Find the lines of the material below that include the string "symmetric", then copy each one.

== RECORDED INFORMATION

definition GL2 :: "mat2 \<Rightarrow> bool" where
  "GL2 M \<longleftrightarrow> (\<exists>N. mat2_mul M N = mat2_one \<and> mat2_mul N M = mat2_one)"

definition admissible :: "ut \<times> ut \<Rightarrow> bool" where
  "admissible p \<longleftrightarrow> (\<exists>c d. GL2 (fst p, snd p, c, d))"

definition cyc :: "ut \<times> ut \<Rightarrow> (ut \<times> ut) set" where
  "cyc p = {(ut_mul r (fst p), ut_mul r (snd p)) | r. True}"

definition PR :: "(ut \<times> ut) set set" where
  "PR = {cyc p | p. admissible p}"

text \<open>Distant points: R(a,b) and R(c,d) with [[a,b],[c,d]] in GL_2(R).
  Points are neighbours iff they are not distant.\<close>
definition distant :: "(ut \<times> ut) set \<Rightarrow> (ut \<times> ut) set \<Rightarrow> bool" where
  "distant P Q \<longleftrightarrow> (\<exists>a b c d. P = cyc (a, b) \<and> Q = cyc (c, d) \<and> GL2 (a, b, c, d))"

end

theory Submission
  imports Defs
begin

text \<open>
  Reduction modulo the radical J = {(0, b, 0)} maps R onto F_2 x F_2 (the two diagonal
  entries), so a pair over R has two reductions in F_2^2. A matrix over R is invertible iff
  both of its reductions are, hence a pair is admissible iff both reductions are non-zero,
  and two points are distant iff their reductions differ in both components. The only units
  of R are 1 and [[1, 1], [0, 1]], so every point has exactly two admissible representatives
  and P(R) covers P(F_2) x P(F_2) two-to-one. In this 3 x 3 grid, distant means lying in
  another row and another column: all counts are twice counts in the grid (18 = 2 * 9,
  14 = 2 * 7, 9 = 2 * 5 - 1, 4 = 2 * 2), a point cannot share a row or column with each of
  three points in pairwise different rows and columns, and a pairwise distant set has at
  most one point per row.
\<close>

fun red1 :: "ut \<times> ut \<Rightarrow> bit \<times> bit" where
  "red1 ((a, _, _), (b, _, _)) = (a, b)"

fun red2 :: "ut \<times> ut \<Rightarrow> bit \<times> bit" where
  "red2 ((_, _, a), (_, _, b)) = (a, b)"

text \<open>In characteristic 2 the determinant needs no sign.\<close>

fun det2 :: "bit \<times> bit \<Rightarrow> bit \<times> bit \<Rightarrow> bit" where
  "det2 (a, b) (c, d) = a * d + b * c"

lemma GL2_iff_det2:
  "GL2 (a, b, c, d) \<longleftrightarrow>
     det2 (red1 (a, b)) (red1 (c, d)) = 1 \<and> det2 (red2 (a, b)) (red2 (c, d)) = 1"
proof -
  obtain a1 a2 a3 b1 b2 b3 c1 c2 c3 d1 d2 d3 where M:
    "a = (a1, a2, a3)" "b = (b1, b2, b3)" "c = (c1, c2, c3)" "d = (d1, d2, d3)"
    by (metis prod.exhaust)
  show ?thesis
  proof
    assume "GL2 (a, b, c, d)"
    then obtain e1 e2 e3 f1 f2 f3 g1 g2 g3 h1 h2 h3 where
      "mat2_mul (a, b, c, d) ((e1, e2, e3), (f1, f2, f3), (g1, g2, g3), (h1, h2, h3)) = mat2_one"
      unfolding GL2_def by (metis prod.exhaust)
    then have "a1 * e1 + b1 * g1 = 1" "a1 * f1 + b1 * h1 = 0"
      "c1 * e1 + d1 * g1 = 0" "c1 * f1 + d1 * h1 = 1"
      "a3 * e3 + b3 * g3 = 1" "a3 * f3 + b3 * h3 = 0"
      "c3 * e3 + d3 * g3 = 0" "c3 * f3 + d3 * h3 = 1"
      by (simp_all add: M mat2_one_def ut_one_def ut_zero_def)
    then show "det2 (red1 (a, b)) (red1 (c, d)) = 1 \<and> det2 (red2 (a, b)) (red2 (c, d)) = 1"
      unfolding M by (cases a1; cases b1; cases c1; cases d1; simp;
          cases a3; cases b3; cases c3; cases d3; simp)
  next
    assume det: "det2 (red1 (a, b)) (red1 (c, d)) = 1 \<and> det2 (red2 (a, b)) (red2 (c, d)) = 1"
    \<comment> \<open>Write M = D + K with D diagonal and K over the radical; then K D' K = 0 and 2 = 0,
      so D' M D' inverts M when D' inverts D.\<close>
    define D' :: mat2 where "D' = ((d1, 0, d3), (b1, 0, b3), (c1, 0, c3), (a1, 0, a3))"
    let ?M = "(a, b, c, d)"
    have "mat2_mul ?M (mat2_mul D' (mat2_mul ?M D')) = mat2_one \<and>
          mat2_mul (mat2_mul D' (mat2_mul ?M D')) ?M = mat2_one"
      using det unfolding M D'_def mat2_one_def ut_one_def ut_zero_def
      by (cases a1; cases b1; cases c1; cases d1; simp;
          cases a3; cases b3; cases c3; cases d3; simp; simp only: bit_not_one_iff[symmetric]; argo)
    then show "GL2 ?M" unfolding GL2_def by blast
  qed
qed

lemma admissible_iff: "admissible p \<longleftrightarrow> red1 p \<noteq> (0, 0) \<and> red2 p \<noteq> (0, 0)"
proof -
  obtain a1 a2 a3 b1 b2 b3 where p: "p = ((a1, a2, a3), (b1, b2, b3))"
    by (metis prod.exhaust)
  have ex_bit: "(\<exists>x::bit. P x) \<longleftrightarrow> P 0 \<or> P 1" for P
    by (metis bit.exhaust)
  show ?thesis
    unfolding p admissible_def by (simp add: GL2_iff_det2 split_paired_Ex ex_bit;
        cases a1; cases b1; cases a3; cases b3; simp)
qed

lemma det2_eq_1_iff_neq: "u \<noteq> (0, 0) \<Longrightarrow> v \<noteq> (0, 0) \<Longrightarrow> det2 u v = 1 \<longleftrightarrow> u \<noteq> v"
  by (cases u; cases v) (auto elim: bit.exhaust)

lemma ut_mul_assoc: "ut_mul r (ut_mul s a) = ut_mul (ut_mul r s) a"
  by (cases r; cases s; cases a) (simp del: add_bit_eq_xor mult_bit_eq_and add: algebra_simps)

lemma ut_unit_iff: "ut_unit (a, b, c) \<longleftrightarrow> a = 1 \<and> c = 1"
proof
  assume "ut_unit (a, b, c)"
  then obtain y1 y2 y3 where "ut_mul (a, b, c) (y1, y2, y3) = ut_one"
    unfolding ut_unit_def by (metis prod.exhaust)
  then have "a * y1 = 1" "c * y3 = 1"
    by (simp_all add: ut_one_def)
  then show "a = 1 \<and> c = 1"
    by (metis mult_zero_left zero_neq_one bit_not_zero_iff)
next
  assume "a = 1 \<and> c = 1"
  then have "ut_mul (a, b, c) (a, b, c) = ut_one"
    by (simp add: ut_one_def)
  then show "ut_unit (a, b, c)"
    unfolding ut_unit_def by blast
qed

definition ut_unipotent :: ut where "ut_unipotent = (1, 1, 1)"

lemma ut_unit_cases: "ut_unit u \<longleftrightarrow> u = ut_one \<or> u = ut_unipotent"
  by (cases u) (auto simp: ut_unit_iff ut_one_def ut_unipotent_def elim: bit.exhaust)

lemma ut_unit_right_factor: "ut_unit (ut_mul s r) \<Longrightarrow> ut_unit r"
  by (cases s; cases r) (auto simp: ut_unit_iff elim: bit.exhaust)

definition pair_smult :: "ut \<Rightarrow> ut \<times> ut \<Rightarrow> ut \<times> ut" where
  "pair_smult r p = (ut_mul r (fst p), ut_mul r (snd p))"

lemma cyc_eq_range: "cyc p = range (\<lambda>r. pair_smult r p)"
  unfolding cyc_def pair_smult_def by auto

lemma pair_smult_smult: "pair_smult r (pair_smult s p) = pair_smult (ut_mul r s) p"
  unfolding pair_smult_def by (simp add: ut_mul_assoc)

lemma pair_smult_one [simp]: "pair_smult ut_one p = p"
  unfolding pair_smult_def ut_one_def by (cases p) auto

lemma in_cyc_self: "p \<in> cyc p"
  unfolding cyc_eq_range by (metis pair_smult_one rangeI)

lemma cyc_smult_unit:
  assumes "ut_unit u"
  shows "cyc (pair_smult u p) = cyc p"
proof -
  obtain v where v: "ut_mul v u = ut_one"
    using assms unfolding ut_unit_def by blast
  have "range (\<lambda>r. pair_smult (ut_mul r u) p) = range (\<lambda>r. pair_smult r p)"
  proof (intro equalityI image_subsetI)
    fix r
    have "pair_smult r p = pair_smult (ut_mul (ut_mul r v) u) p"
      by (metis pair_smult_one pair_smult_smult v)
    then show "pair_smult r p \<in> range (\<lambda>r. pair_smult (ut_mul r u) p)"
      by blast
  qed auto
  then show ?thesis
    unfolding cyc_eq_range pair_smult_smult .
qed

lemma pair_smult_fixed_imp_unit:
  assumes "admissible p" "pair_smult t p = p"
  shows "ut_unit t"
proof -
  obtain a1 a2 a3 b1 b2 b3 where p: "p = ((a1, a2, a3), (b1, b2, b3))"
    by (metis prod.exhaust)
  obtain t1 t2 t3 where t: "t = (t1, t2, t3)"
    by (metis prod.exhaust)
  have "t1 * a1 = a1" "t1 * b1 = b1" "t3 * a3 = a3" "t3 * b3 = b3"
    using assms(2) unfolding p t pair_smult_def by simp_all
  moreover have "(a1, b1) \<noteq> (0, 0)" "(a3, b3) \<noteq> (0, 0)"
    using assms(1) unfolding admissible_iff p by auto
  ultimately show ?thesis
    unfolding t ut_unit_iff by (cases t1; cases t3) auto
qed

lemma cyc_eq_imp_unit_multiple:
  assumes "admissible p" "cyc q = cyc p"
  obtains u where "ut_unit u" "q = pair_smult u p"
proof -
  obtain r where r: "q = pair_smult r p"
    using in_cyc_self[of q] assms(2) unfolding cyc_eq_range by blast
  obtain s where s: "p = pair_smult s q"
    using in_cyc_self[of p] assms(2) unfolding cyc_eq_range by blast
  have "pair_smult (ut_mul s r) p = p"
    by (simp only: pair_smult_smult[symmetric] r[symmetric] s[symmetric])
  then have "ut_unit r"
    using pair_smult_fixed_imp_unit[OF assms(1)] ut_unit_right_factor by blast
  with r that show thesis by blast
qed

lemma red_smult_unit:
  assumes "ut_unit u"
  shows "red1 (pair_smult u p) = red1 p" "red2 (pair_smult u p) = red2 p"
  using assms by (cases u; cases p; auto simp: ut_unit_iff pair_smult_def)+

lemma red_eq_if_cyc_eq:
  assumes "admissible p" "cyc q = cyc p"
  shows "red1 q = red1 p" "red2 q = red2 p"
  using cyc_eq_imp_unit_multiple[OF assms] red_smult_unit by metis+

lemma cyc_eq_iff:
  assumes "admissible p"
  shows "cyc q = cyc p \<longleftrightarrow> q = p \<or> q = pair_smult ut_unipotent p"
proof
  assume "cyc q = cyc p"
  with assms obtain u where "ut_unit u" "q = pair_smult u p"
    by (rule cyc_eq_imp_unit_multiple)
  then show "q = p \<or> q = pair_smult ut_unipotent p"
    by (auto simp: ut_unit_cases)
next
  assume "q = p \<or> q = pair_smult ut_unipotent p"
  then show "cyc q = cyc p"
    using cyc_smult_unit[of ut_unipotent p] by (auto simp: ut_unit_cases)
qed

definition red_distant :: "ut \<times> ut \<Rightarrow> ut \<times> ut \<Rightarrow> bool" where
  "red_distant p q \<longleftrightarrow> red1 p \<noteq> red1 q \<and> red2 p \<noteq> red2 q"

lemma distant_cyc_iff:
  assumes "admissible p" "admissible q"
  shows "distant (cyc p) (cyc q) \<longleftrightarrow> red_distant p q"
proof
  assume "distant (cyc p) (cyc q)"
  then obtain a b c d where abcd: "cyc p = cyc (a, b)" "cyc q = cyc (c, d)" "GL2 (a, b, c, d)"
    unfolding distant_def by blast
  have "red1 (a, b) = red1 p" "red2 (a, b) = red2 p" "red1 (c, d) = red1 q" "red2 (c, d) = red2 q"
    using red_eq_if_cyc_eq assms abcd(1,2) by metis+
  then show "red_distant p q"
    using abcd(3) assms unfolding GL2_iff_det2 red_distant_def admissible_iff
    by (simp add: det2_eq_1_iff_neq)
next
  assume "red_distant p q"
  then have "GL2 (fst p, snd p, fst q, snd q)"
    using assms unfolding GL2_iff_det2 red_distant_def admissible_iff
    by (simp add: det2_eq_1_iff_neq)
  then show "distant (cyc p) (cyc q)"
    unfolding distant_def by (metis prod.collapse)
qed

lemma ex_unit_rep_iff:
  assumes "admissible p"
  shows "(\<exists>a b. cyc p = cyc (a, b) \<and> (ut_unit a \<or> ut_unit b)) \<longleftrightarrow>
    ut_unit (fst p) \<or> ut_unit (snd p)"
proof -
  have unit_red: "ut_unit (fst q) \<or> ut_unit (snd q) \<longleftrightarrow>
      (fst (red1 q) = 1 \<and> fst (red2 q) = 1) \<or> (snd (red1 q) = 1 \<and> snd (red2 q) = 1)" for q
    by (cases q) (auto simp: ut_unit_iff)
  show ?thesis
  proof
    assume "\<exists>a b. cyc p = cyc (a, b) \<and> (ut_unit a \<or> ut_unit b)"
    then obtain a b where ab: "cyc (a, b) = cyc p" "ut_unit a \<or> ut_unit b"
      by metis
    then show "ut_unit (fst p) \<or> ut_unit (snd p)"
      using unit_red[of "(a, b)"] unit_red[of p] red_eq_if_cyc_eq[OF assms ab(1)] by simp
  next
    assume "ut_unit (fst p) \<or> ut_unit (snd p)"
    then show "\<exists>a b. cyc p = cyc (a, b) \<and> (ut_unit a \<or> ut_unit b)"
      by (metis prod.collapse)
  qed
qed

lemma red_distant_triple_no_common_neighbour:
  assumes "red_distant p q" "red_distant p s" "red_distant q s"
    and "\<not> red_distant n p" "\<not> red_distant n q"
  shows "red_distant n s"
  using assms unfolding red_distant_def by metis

====

(EXERCISE SOLUTION):
          cases a3; cases b3; cases c3; cases d3; simp; simp only: bit_not_one_iff[symmetric]; argo)
    by (simp only: pair_smult_smult[symmetric] r[symmetric] s[symmetric])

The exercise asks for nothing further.